Scientists Revisit Power from Potatoes

This could very well be the magic formula for future power generation. Yes, scientists are busy crafting what is now called as “solid organic electric battery based upon treated potatoes.” These are absolutely eco-friendly batteries – based on the hidden powers of potatoes – which will be an economical answer to the growing power needs of developing and developed countries.

Simple sustainable solution:
There are still places in the world where basic infrastructure for lighting and other electrical needs is insufficient. The researchers at Hebrew University are now trying to create magic out of humble common potatoes to provide a solution for generating power to meet this need.

Potato powered battery:
It is the salt-bridge capacity that is latent in treated potato tubers which makes them the ideal medium for generating power easily and economically. An easy process of electrolysis is used in the construction of the simple yet efficient battery. A slice of our ordinary potato, zinc and copper electrodes are all that go to make the battery. By boiling the potato, the electric power is increased 10 times more than with the non-boiled potatoes, and the longevity is also greatly increased.

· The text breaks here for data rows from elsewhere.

lemma divisible_design_graph_degree_pos:
  assumes "divisible_design_graph W E Vn K l1 l2 m n"
  shows "0 < K"
proof -
  have sg: "simple_graph W E" and deg: "\<forall>x\<in>W. degree W E x = K" and "\<exists>x\<in>W. \<exists>y\<in>W. E x y"
    using assms unfolding divisible_design_graph_def by auto
  then obtain x where x: "x \<in> W" "{y\<in>W. E x y} \<noteq> {}" by blast
  moreover have "finite W" using sg unfolding simple_graph_def by auto
  ultimately have "card {y\<in>W. E x y} \<noteq> 0" by simp
  then show ?thesis using deg x(1) unfolding degree_def by simp
qed

lemma ddg_nonadjacent_pair:
  assumes ddg: "divisible_design_graph W E Vn K l1 l2 m n" and n: "n \<noteq> 1" and K: "K \<le> l1"
  obtains x y where "x \<in> W" "y \<in> W" "x \<noteq> y" "\<not> E x y" "common_nbrs W E x y = l1"
proof -
  have sg: "simple_graph W E" and deg: "\<forall>x\<in>W. degree W E x = K" and "W \<noteq> {}"
    using ddg unfolding divisible_design_graph_def by auto
  obtain P where P: "partition_on W P" "\<forall>B\<in>P. card B = n"
    and l1: "\<forall>B\<in>P. \<forall>x\<in>B. \<forall>y\<in>B. x \<noteq> y \<longrightarrow> common_nbrs W E x y = l1"
    using ddg unfolding divisible_design_graph_def by auto
  obtain B x where B: "B \<in> P" "x \<in> B"
    using P(1) \<open>W \<noteq> {}\<close> unfolding partition_on_def by blast
  have "finite B" "B \<subseteq> W"
    using sg P(1) B(1) unfolding simple_graph_def partition_on_def by (auto intro: finite_subset)
  then have "B \<noteq> {x}" using P(2) B n by auto
  then obtain y where y: "y \<in> B" "y \<noteq> x" using B(2) by blast
  have xy: "x \<in> W" "y \<in> W" "common_nbrs W E x y = l1"
    using B y l1 \<open>B \<subseteq> W\<close> by auto
  show ?thesis
  proof (rule that[OF xy(1,2) y(2)[symmetric] _ xy(3)])
    show "\<not> E x y"
      using common_nbrs_le_degree_not_adjacent[OF sg xy(1,2)] y deg xy K by auto
  qed
qed

lemma sqrt_of_int_ge_one: "0 < sqrt (real_of_int z) \<Longrightarrow> 1 \<le> sqrt (real_of_int z)"
  by simp
(* There is an absolute constant $c>0$ such that the following holds. Let $n\ge2$, let $\varepsilon\in[0,\frac{1}{2\ln n}]$, and let $P\subset\mathbb{H}^2$ be a set of $n$ points equally spaced (i.e., consecutive points subtending equal angles $2\pi/n$ at the centre) on a hyperbolic circle of radius $3\ln n$. Then every $(2+\varepsilon)$-spanner for $P$, i.e., every geometric graph $G$ with vertex set $P$ satisfying $\mathrm{dist}_G(u,v)\le(2+\varepsilon)|uv|$ for all $u,v\in P$, has at least $c\, n\log n$ edges.
   Context: $\mathbb{H}^2$ is the hyperbolic plane of curvature $-1$, $|uv|$ hyperbolic distance. A geometric graph has each edge weighted by the distance between its endpoints; $\mathrm{dist}_G$ is shortest-path length in $G$. *)

theory Defs
  imports "HOL-Analysis.Analysis"
begin

text \<open>Hyperbolic plane of curvature -1, modelled as the Poincare disk.\<close>
definition hdisk :: "complex set" where
  "hdisk = {z. norm z < 1}"

definition hdist :: "complex \<Rightarrow> complex \<Rightarrow> real" where
  "hdist u v = arcosh (1 + 2 * (norm (u - v))^2 / ((1 - (norm u)^2) * (1 - (norm v)^2)))"

definition is_walk :: "complex set set \<Rightarrow> complex list \<Rightarrow> bool" where
  "is_walk E xs \<longleftrightarrow> xs \<noteq> [] \<and> (\<forall>i. Suc i < length xs \<longrightarrow> {xs ! i, xs ! Suc i} \<in> E)"

definition walk_length :: "complex list \<Rightarrow> real" where
  "walk_length xs = (\<Sum>i<length xs - 1. hdist (xs ! i) (xs ! Suc i))"

definition is_spanner :: "real \<Rightarrow> complex set \<Rightarrow> complex set set \<Rightarrow> bool" where
  "is_spanner t P E \<longleftrightarrow>
     (\<forall>e\<in>E. \<exists>u v. e = {u, v} \<and> u \<in> P \<and> v \<in> P \<and> u \<noteq> v) \<and>
     (\<forall>u\<in>P. \<forall>v\<in>P. \<exists>xs. is_walk E xs \<and> hd xs = u \<and> last xs = v \<and>
                          walk_length xs \<le> t * hdist u v)"

end

theory Submission
  imports Defs
begin

text \<open>
  Index the points as \<open>p\<^sub>0, ..., p\<^sub>n\<^sub>-\<^sub>1\<close> and let \<open>g(i,j)\<close> be the cyclic distance of the
  indices. By the hyperbolic law of cosines, with \<open>sinh R \<approx> n\<^sup>3/2\<close> for the radius
  \<open>R = 3 ln n\<close>, \<open>exp |p\<^sub>i p\<^sub>j|\<close> equals \<open>n\<^sup>4 g(i,j)\<^sup>2\<close> up to a constant factor.
  So every edge has length at least \<open>ln (n\<^sup>4/8)\<close>, while for \<open>g(i,j)\<^sup>2 \<le> n\<close> the
  budget \<open>(2 + \<epsilon>) |p\<^sub>i p\<^sub>j|\<close> is at most \<open>2 ln (18 n\<^sup>4 g\<^sup>2) + 3\<close>, because
  \<open>\<epsilon> \<le> 1/(2 ln n)\<close>. Hence a \<open>(2 + \<epsilon>)\<close>-path between such points has at most
  two edges, and if it has two, its middle vertex \<open>p\<^sub>w\<close> satisfies
  \<open>g(i,w) g(w,j) = O(g(i,j)\<^sup>2)\<close>, i.e. it stays close to \<open>p\<^sub>i\<close>.

  Now cut a block of \<open>256h\<close> consecutive indices (with \<open>4h\<^sup>2 \<le> n\<close>) into two halves.
  If some index among the last \<open>h\<close> of the lower half and some index among the first
  \<open>h\<close> of the upper half both had no edge into the opposite half, the short path
  between them would give a contradiction. So at least \<open>h\<close> edges cross the middle
  of the block. Doing this for the dyadic blocks of length \<open>2\<^sup>j\<^sup>+\<^sup>1\<close>,
  \<open>7 \<le> j \<le> log\<^sub>4 n\<close>, yields disjoint sets of at least \<open>n/512\<close> edges per level,
  hence \<open>\<Omega>(n log n)\<close> edges.
\<close>

lemma sin_ge_third:
  fixes x :: real assumes "0 \<le> x" "x \<le> 2" shows "x / 3 \<le> sin x"
proof -
  have "\<bar>sin x - (\<Sum>m<3. sin_coeff m * x ^ m)\<bar> \<le> inverse (fact 3) * \<bar>x\<bar> ^ 3"
    by (rule Maclaurin_sin_bound)
  moreover have "(\<Sum>m<3. sin_coeff m * x ^ m) = x"
    by (simp add: numeral_3_eq_3 sin_coeff_def)
  moreover have "inverse (fact 3) * \<bar>x\<bar> ^ 3 = x * x\<^sup>2 / 6"
    using assms by (simp add: fact_numeral power3_eq_cube power2_eq_square field_simps)
  moreover have "x\<^sup>2 \<le> 2\<^sup>2"
    using assms by (intro power_mono) auto
  then have "x * x\<^sup>2 \<le> x * 4"
    using assms by (intro mult_left_mono) auto
  ultimately show ?thesis by linarith
qed

lemma sin_pi_mult_bounds:
  fixes x :: real assumes "0 \<le> x" "x \<le> 1 / 2"
  shows "x \<le> sin (pi * x)" "sin (pi * x) \<le> 4 * x"
proof -
  have "pi * x \<le> 4 * (1 / 2)" using assms pi_less_4 by (intro mult_mono) auto
  moreover have "3 * x \<le> pi * x" using assms pi_gt3 by (intro mult_right_mono) auto
  ultimately show "x \<le> sin (pi * x)" using sin_ge_third[of "pi * x"] assms by simp
  have "pi * x \<le> 4 * x" using assms pi_less_4 by (intro mult_right_mono) auto
  then show "sin (pi * x) \<le> 4 * x" using sin_x_le_x[of "pi * x"] assms by simp
qed

lemma exp_arcosh_bounds:
  fixes y :: real assumes "1 \<le> y" shows "y \<le> exp (arcosh y)" "exp (arcosh y) \<le> 2 * y"
proof -
  have "sqrt (y\<^sup>2 - 1) \<le> sqrt (y\<^sup>2)" by (rule real_sqrt_le_mono) simp
  then have "0 \<le> sqrt (y\<^sup>2 - 1)" "sqrt (y\<^sup>2 - 1) \<le> y" using assms by auto
  moreover have "exp (arcosh y) = y + sqrt (y\<^sup>2 - 1)"
    using assms calculation by (simp add: arcosh_real_def add_pos_nonneg)
  ultimately show "y \<le> exp (arcosh y)" "exp (arcosh y) \<le> 2 * y" by auto
qed

lemma exp_3_le_27: "exp (3 :: real) \<le> 27"
proof -
  have "exp (3 :: real) = exp 1 ^ 3" using exp_of_nat_mult[of 3 "1 :: real"] by simp
  also have "\<dots> \<le> 3 ^ 3" using e_less_272 by (intro power_mono) auto
  finally show ?thesis by simp
qed

lemma factor_le_of_mult_le:
  fixes a b k :: nat
  assumes "a \<le> k + b" "a * b \<le> 750 * k\<^sup>2"
  shows "a \<le> 30 * k"
proof (rule ccontr)
  assume "\<not> a \<le> 30 * k"
  then have "(30 * k + 1) * (29 * k + 1) \<le> a * b"
    using assms(1) by (intro mult_le_mono) auto
  moreover have "750 * k\<^sup>2 < (30 * k + 1) * (29 * k + 1)"
    by (simp add: power2_eq_square algebra_simps)
  ultimately show False using assms(2) by simp
qed

section \<open>Hyperbolic distance between points of a circle\<close>

lemma norm_cis_diff_sq: "(cmod (cis a - cis b))\<^sup>2 = 4 * (sin ((a - b) / 2))\<^sup>2"
proof -
  have "(cmod (cis a - cis b))\<^sup>2 = (cos a - cos b)\<^sup>2 + (sin a - sin b)\<^sup>2"
    by (simp add: cmod_power2)
  also have "\<dots> = 2 - 2 * cos (a - b)"
    by (simp add: cos_diff power2_eq_square algebra_simps)
  also have "cos (a - b) = cos (2 * ((a - b) / 2))"
    by (rule arg_cong[where f = cos]) simp
  also have "\<dots> = 1 - 2 * (sin ((a - b) / 2))\<^sup>2"
    by (rule cos_double_sin)
  finally show ?thesis by simp
qed

lemma hdist_self [simp]: "hdist u u = 0"
  unfolding hdist_def by simp

lemma sinh_hdist_0_sq:
  fixes r :: real assumes "0 \<le> r" "r < 1"
  shows "(sinh (hdist 0 r))\<^sup>2 = 4 * r\<^sup>2 / (1 - r\<^sup>2)\<^sup>2"
proof -
  define q where "q = 1 - r\<^sup>2"
  have q: "0 < q" unfolding q_def using assms by (simp add: abs_square_less_1)
  define c where "c = 1 + 2 * r\<^sup>2 / q"
  have "1 \<le> c" unfolding c_def using q by simp
  moreover have "hdist 0 r = arcosh c" unfolding hdist_def c_def q_def by simp
  ultimately have "(sinh (hdist 0 r))\<^sup>2 = c\<^sup>2 - 1" by (simp add: sinh_arcosh_real)
  also have "\<dots> = 4 * r\<^sup>2 * (r\<^sup>2 + q) / q\<^sup>2"
    unfolding c_def using q by (simp add: field_simps power2_eq_square)
  finally show ?thesis unfolding q_def by simp
qed

text \<open>The hyperbolic law of cosines for an isosceles triangle with apex at the centre.\<close>
lemma hdist_on_circle:
  assumes "0 \<le> r" "r < 1"
  shows "hdist (complex_of_real r * cis a) (complex_of_real r * cis b)
       = arcosh (1 + 2 * (sinh (hdist 0 r))\<^sup>2 * (sin ((a - b) / 2))\<^sup>2)"
proof -
  have "cmod (complex_of_real r * cis a - complex_of_real r * cis b) = r * cmod (cis a - cis b)"
    using assms by (simp add: right_diff_distrib[symmetric] norm_mult)
  then have "(cmod (complex_of_real r * cis a - complex_of_real r * cis b))\<^sup>2
           = r\<^sup>2 * (4 * (sin ((a - b) / 2))\<^sup>2)"
    by (simp add: power_mult_distrib norm_cis_diff_sq)
  moreover have "cmod (complex_of_real r * cis a) = r" "cmod (complex_of_real r * cis b) = r"
    using assms by (simp_all add: norm_mult)
  ultimately show ?thesis
    unfolding sinh_hdist_0_sq[OF assms] unfolding hdist_def
    by (simp add: power2_eq_square mult_ac)
qed

section \<open>Cyclic distance of indices\<close>

definition cyclic_dist :: "nat \<Rightarrow> nat \<Rightarrow> nat \<Rightarrow> nat" where
  "cyclic_dist n i j = nat (min \<bar>int i - int j\<bar> (int n - \<bar>int i - int j\<bar>))"

lemma of_nat_cyclic_dist:
  assumes "i < n" "j < n"
  shows "int (cyclic_dist n i j) = min \<bar>int i - int j\<bar> (int n - \<bar>int i - int j\<bar>)"
  unfolding cyclic_dist_def using assms by (simp add: min_def abs_if)

lemma cyclic_dist_commute: "cyclic_dist n i j = cyclic_dist n j i"
  unfolding cyclic_dist_def by (simp add: abs_minus_commute)

lemma cyclic_dist_le_half: "i < n \<Longrightarrow> j < n \<Longrightarrow> 2 * cyclic_dist n i j \<le> n"
  using of_nat_cyclic_dist[of i n j] by (auto simp: min_def split: if_splits)
text \<open>Put \<open>p = 2 + \<epsilon>\<close>, \<open>q = 1 + 2/\<epsilon>\<close>, \<open>r = 1 + \<epsilon>/2\<close>; then \<open>1/q + 2/p = 1\<close>,
  \<open>1/q + 1/r = 1\<close> and \<open>p r \<le> 4 + 2 \<epsilon>\<close>. Let \<open>Q\<close> have density \<open>f\<close> and let \<open>c = E[f | C]\<close>.
  Stability provides \<open>Q'\<close> with density \<open>f' = f / c\<close>, so \<open>dQ = c dQ'\<close> with a
  \<open>C\<close>-measurable \<open>c\<close>. Hence \<open>\<eta> = E_Q'[\<xi> | C]\<close> is also a conditional expectation of
  \<open>\<xi>\<close> under \<open>Q\<close>, so it minimises \<open>E_Q[(\<xi> - \<eta>)^2]\<close> over all \<open>C\<close>-measurable \<open>\<eta>\<close>.
  Moreover \<open>E[f' | C] = 1\<close>, i.e. \<open>Q'\<close> agrees with \<open>P_0\<close> on \<open>C\<close>, so Jensen's inequality gives
  \<open>E|\<eta>|^p = E_Q'|\<eta>|^p \<le> E_Q'|\<xi>|^p = E[f' |\<xi>|^p] \<le> E|f'|^q + E|\<xi>|^(p r)\<close>,
  a bound uniform in \<open>Q\<close> by the norm bound on the densities.\<close>

lemma le_powr_inverse_of_powr_le:
  fixes x a m :: real
  assumes "0 \<le> x" "0 < a" "x powr a \<le> m"
  shows "x \<le> m powr (1 / a)"
proof -
  have "x = (x powr a) powr (1 / a)"
    using assms by (simp add: powr_powr)
  also have "\<dots> \<le> m powr (1 / a)"
    using assms by (intro powr_mono2) auto
  finally show ?thesis .
qed
(* Let $(A,\to,1)$ be any algebra of type $(2,0)$. Then (i) if $(A,\to,1)$ satisfies (M) and (BB), it satisfies (B); (ii) if $(A,\to,1)$ satisfies (M) and (B), it satisfies ( ** ).
   Context: Properties, required for all $x,y,z\in A$: (M) $1\to x=x$; (B) $(y\to z)\to((x\to y)\to(x\to z))=1$; (BB) $(y\to z)\to((z\to x)\to(y\to x))=1$; ( ** ) $y\to z=1$ implies $(z\to x)\to(y\to x)=1$. *)

theory Defs
  imports Main
begin

text \<open>An algebra (A, imp, one) of type (2,0): carrier is the whole type 'a.\<close>

definition prop_M :: "('a \<Rightarrow> 'a \<Rightarrow> 'a) \<Rightarrow> 'a \<Rightarrow> bool" where
  "prop_M imp one \<longleftrightarrow> (\<forall>x. imp one x = x)"

definition prop_B :: "('a \<Rightarrow> 'a \<Rightarrow> 'a) \<Rightarrow> 'a \<Rightarrow> bool" where
  "prop_B imp one \<longleftrightarrow>
     (\<forall>x y z. imp (imp y z) (imp (imp x y) (imp x z)) = one)"

definition prop_BB :: "('a \<Rightarrow> 'a \<Rightarrow> 'a) \<Rightarrow> 'a \<Rightarrow> bool" where
  "prop_BB imp one \<longleftrightarrow>
     (\<forall>x y z. imp (imp y z) (imp (imp z x) (imp y x)) = one)"

definition prop_star2 :: "('a \<Rightarrow> 'a \<Rightarrow> 'a) \<Rightarrow> 'a \<Rightarrow> bool" where
  "prop_star2 imp one \<longleftrightarrow>
     (\<forall>x y z. imp y z = one \<longrightarrow> imp (imp z x) (imp y x) = one)"

end

theory Submission
  imports Defs
begin

text \<open>(BB) with y = 1 gives z \<rightarrow> ((z \<rightarrow> x) \<rightarrow> x) = 1, and with y \<rightarrow> z = 1 it makes
  the relation a \<rightarrow> b = 1 transitive. Together they yield the exchange rule
  p \<rightarrow> (q \<rightarrow> r) = 1 \<Longrightarrow> q \<rightarrow> (p \<rightarrow> r) = 1, which turns the instance
  (x \<rightarrow> y) \<rightarrow> ((y \<rightarrow> z) \<rightarrow> (x \<rightarrow> z)) = 1 of (BB) into (B).
  Part (ii) is (B) with its first premise replaced by 1.\<close>

lemma BB_trans:
  assumes "prop_M imp one" "prop_BB imp one"
    and "imp a b = one" "imp b c = one"
  shows "imp a c = one"
proof -
  have "imp (imp a b) (imp (imp b c) (imp a c)) = one"
    using assms(2) by (simp add: prop_BB_def)
  then show ?thesis
    using assms(1,3,4) by (simp add: prop_M_def)
qed

lemma BB_imp_imp_self:
  assumes "prop_M imp one" "prop_BB imp one"
  shows "imp z (imp (imp z x) x) = one"
proof -
  have "imp (imp one z) (imp (imp z x) (imp one x)) = one"
    using assms(2) by (simp add: prop_BB_def)
  then show ?thesis
    using assms(1) by (simp add: prop_M_def)
qed

lemma BB_exchange:
  assumes M: "prop_M imp one" and BB: "prop_BB imp one"
    and "imp p (imp q r) = one"
  shows "imp q (imp p r) = one"
proof -
  have "imp (imp p (imp q r)) (imp (imp (imp q r) r) (imp p r)) = one"
    using BB by (simp add: prop_BB_def)
  then have "imp (imp (imp q r) r) (imp p r) = one"
    using M assms(3) by (simp add: prop_M_def)
  with BB_imp_imp_self[OF M BB] show ?thesis
    by (rule BB_trans[OF M BB])
qed

lemma M_BB_imp_B:
  assumes "prop_M imp one" "prop_BB imp one"
  shows "prop_B imp one"
  unfolding prop_B_def
proof (intro allI)
  fix x y z
  have "imp (imp x y) (imp (imp y z) (imp x z)) = one"
    using assms(2) by (simp add: prop_BB_def)
  then show "imp (imp y z) (imp (imp x y) (imp x z)) = one"
    by (rule BB_exchange[OF assms])
qed

lemma M_B_imp_star2:
  assumes "prop_M imp one" "prop_B imp one"
  shows "prop_star2 imp one"
  unfolding prop_star2_def
proof (intro allI impI)
  fix x y z
  assume "imp y z = one"
  moreover have "imp (imp z x) (imp (imp y z) (imp y x)) = one"
    using assms(2) by (simp add: prop_B_def)
  ultimately show "imp (imp z x) (imp y x) = one"
    using assms(1) by (simp add: prop_M_def)
qed

theorem theorem2p6:
  fixes imp :: "'a \<Rightarrow> 'a \<Rightarrow> 'a" and one :: 'a
  shows "(prop_M imp one \<and> prop_BB imp one \<longrightarrow> prop_B imp one) \<and>
         (prop_M imp one \<and> prop_B imp one \<longrightarrow> prop_star2 imp one)"
  by (simp add: M_BB_imp_B M_B_imp_star2)

end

Similar to conventional batteries:
The principle scientists use to better the performance of the traditional batteries is almost similar. The less the salt-bridge resistance in the potato-power battery, the longer and more efficient the batteries are.

Potato power demonstrated:
The treated potato power batteries (with low power electricity) were used to power LEDs. These batteries can provide lighting, power telecommunication and transfer of information in the developing non-OECD populated areas. Where there is insufficient access to proper electrical infrastructure, these eco- and environmentally friendly green generators of power will be found useful.

Scientists’ gift:
Prof. Haim D. Rabinowitch, Robert H. Smith Faculty of Agriculture, Food & Environment and Alex Golberg, School of Computer Science & Engineering, Hebrew University, jointly with Prof. Boris Rubinsky, University of California, Berkeley, carried out the research – sponsored by Yissum Research Development Company Ltd, Hebrew University of Jerusalem. The research was into electrolytic process in living matter that can be used for many applications, including generation of electric energy like for self-powered implanted medical electronic devices.